See how easy it is to look at a transgender person negatively, and arrive at one conclusion – or to look at them positively, and arrive at a completely different one? My wife read through this article, and commented:

“If they had been given these photos and told that they were of a woman and asked to diagnose anything wrong with her, they wouldn’t have made any of these comments, or diagnosed her as psychopathic. They might have made a mean comment about her ankle, or about her exposing her stocking and built from that, but the only reason they applied these diagnoses at all was because Mildred was born male.

I thought it was an interesting comment on their own state of mind and their attitude towards women at the time that wanting to be seen as female was seen as “seeking chastisement” and “being masochistic”.

Unfortunately, Mildred was born a few decades too early to be supported and given proper psychological care.

I’ll end this report with a few lines from Mildred’s autobiography, as reported to her physicians.

“I am honored to take upon myself the responsibilities and duties of a woman.
I can cook, sew, keep house, everything a woman should know.
My past will serve as sufficient proof of my sincerity.
I am a woman and as such I will live.”


Olkon, D.M. and Sherman, Irene Case. “Eonism with Added Outstanding Psychopathic Features – Presented before the Chicago Neurological Society, October 15, 1942.” The Journal of Nervous and Mental Disease 99.2 (1944): 159-167.

3 thoughts on “A Distant Mirror: Mildred, 1942

  1. Pingback: Meet Mildred M., 1942 | Transas City

  2. Paula Overby

    While this type of therapist projection may seem like the dark ages it is still very common place today.
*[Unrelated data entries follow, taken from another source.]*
lemma box_homotopy_difference:
  "(\<lambda>p. fs_val (box_morph PA' F1 F2 N a c hc x @ fs_neg (box_morph PA' G1 G2 N a c hc x)) p -
      fs_val (mu2_tens (id_tens (box_htpy H1) (box_delta PA m1 m2 N a c hc x)) @
       mu2_tens (id_tens (box_delta PA' m1' m2' N a c hc) (box_htpy H1 x)) @
       mu1_tens mu1' PA' (box_htpy H1 x)) p)
   = (\<lambda>p. (pure_tensor 1 (F1 x) p - pure_tensor 1 (G1 x) p - pure_tensor 1 (H1 (m1 x)) p
          - pure_tensor 1 (m1' (H1 x)) p - neg1pow (hdeg PA' (H1 x)) * pure_tensor (mu1' 1) (H1 x) p)
       + (\<Sum>s<N. neg1pow (hc s * (1 + hdeg PA' (F2 x (a s)))) * pure_tensor (c s) (F2 x (a s)) p
          - neg1pow (hc s * (1 + hdeg PA' (G2 x (a s)))) * pure_tensor (c s) (G2 x (a s)) p
          - neg1pow (hdeg PA (m2 x (a s)) * hc s) * pure_tensor (c s) (H1 (m2 x (a s))) p
          - neg1pow (hdeg PA' (m2' (H1 x) (a s)) * hc s) * pure_tensor (c s) (m2' (H1 x) (a s)) p))"
  for c :: "nat \<Rightarrow> 'c::ring_1"
  unfolding box_morph_def box_delta_def mu2_tens_id_tens_box_htpy mu2_tens_id_tens_unit
    mu1_tens_def box_htpy_def
  by (simp add: fs_val_append fs_val_fs_neg fs_val_Cons fs_val_Nil fs_val_map_upt
      sum_subtractf sum.distrib algebra_simps)

theorem proposition6p52:
  fixes k N :: nat
    and e :: "nat \<Rightarrow> 'b::ring_1" and PB :: "int \<Rightarrow> int \<Rightarrow> 'b set" and mu1 :: "'b \<Rightarrow> 'b"
    and e' :: "nat \<Rightarrow> 'c::ring_1" and PB' :: "int \<Rightarrow> int \<Rightarrow> 'c set" and mu1' :: "'c \<Rightarrow> 'c"
    and PA :: "int \<Rightarrow> int \<Rightarrow> 'a::ab_group_add set" and m1 :: "'a \<Rightarrow> 'a" and m2 :: "'a \<Rightarrow> 'b \<Rightarrow> 'a"
    and PA' :: "int \<Rightarrow> int \<Rightarrow> 'd::ab_group_add set" and m1' :: "'d \<Rightarrow> 'd" and m2' :: "'d \<Rightarrow> 'b \<Rightarrow> 'd"
    and a :: "nat \<Rightarrow> 'b" and c :: "nat \<Rightarrow> 'c" and qa ha qc hc :: "nat \<Rightarrow> int"
    and F1 G1 H1 :: "'a \<Rightarrow> 'd" and F2 G2 :: "'a \<Rightarrow> 'b \<Rightarrow> 'd"
  assumes B: "dg_bigraded_algebra k e PB mu1"
    and B': "dg_bigraded_algebra k e' PB' mu1'"
    and A: "dg_module k e PB mu1 PA m1 m2"
    and A': "dg_module k e PB mu1 PA' m1' m2'"
    and DD: "dd_rank_one k e PB mu1 e' PB' mu1' N a c qa ha qc hc"
    and F: "ainf_morphism2 k e PB mu1 PA m1 m2 PA' m1' m2' F1 F2"
    and G: "ainf_morphism2 k e PB mu1 PA m1 m2 PA' m1' m2' G1 G2"
    and H: "ainf_homotopy1 k e PB PA m1 m2 PA' m1' m2' F1 F2 G1 G2 H1"
  shows "\<forall>q h x. x \<in> PA q h \<longrightarrow>
    tens_eq k (\<lambda>i y. y * e' i) (\<lambda>i z. m2' z (e i))
      (box_morph PA' F1 F2 N a c hc x @ fs_neg (box_morph PA' G1 G2 N a c hc x))
      (mu2_tens (id_tens (box_htpy H1) (box_delta PA m1 m2 N a c hc x)) @
       mu2_tens (id_tens (box_delta PA' m1' m2' N a c hc) (box_htpy H1 x)) @
       mu1_tens mu1' PA' (box_htpy H1 x))"
proof -
  have DD_terms: "a s \<in> PB (qa s) (ha s)" "ha s + hc s = 1" if "s < N" for s
    using DD that unfolding dd_rank_one_def by auto
  show ?thesis
    unfolding tens_eq_def box_homotopy_difference
    by (intro allI impI zspan_add zspan_sum box_htpy_defect_unit[OF B' H] finite_lessThan
        box_htpy_defect_summand[OF A A' F G H _ DD_terms]) auto
qed

end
I have had similar experience and abandoned any hope of a therapeutic approach to transition. The ignorance of the therapist becomes the denial of the patient. It is not specific to transgender either.

  3. ChloeAlexa Landry

    Probably explains why my mother reacted to my Question when three years old in 1943. One day when my sister was born and mom diapering her I pointed and asked; When do I get one of those?? Her reaction was such that a little kid at 3 knew not to bring that up again, Ever. Four years later in Catholic grade school the head Nun dressed a boy, a 7th or 8th grader that liked to be with the girls, in a complete girls outfit. I wanted to dress that way, and wondered why I could not, until. The ridicule he received from his peers was bad enough and when presented to the girls worse. So I hid and dressed in private. When expressed to my wife, a Nursing Professor at University of Mn, she made no attempt to ask or learn anything about it. That was in the mid 1980’s. Finally came out in 2011 and finally became a Happier Me. Look at it as a Gift, finally opened, and an out advocate for our group. ChloeAlexa.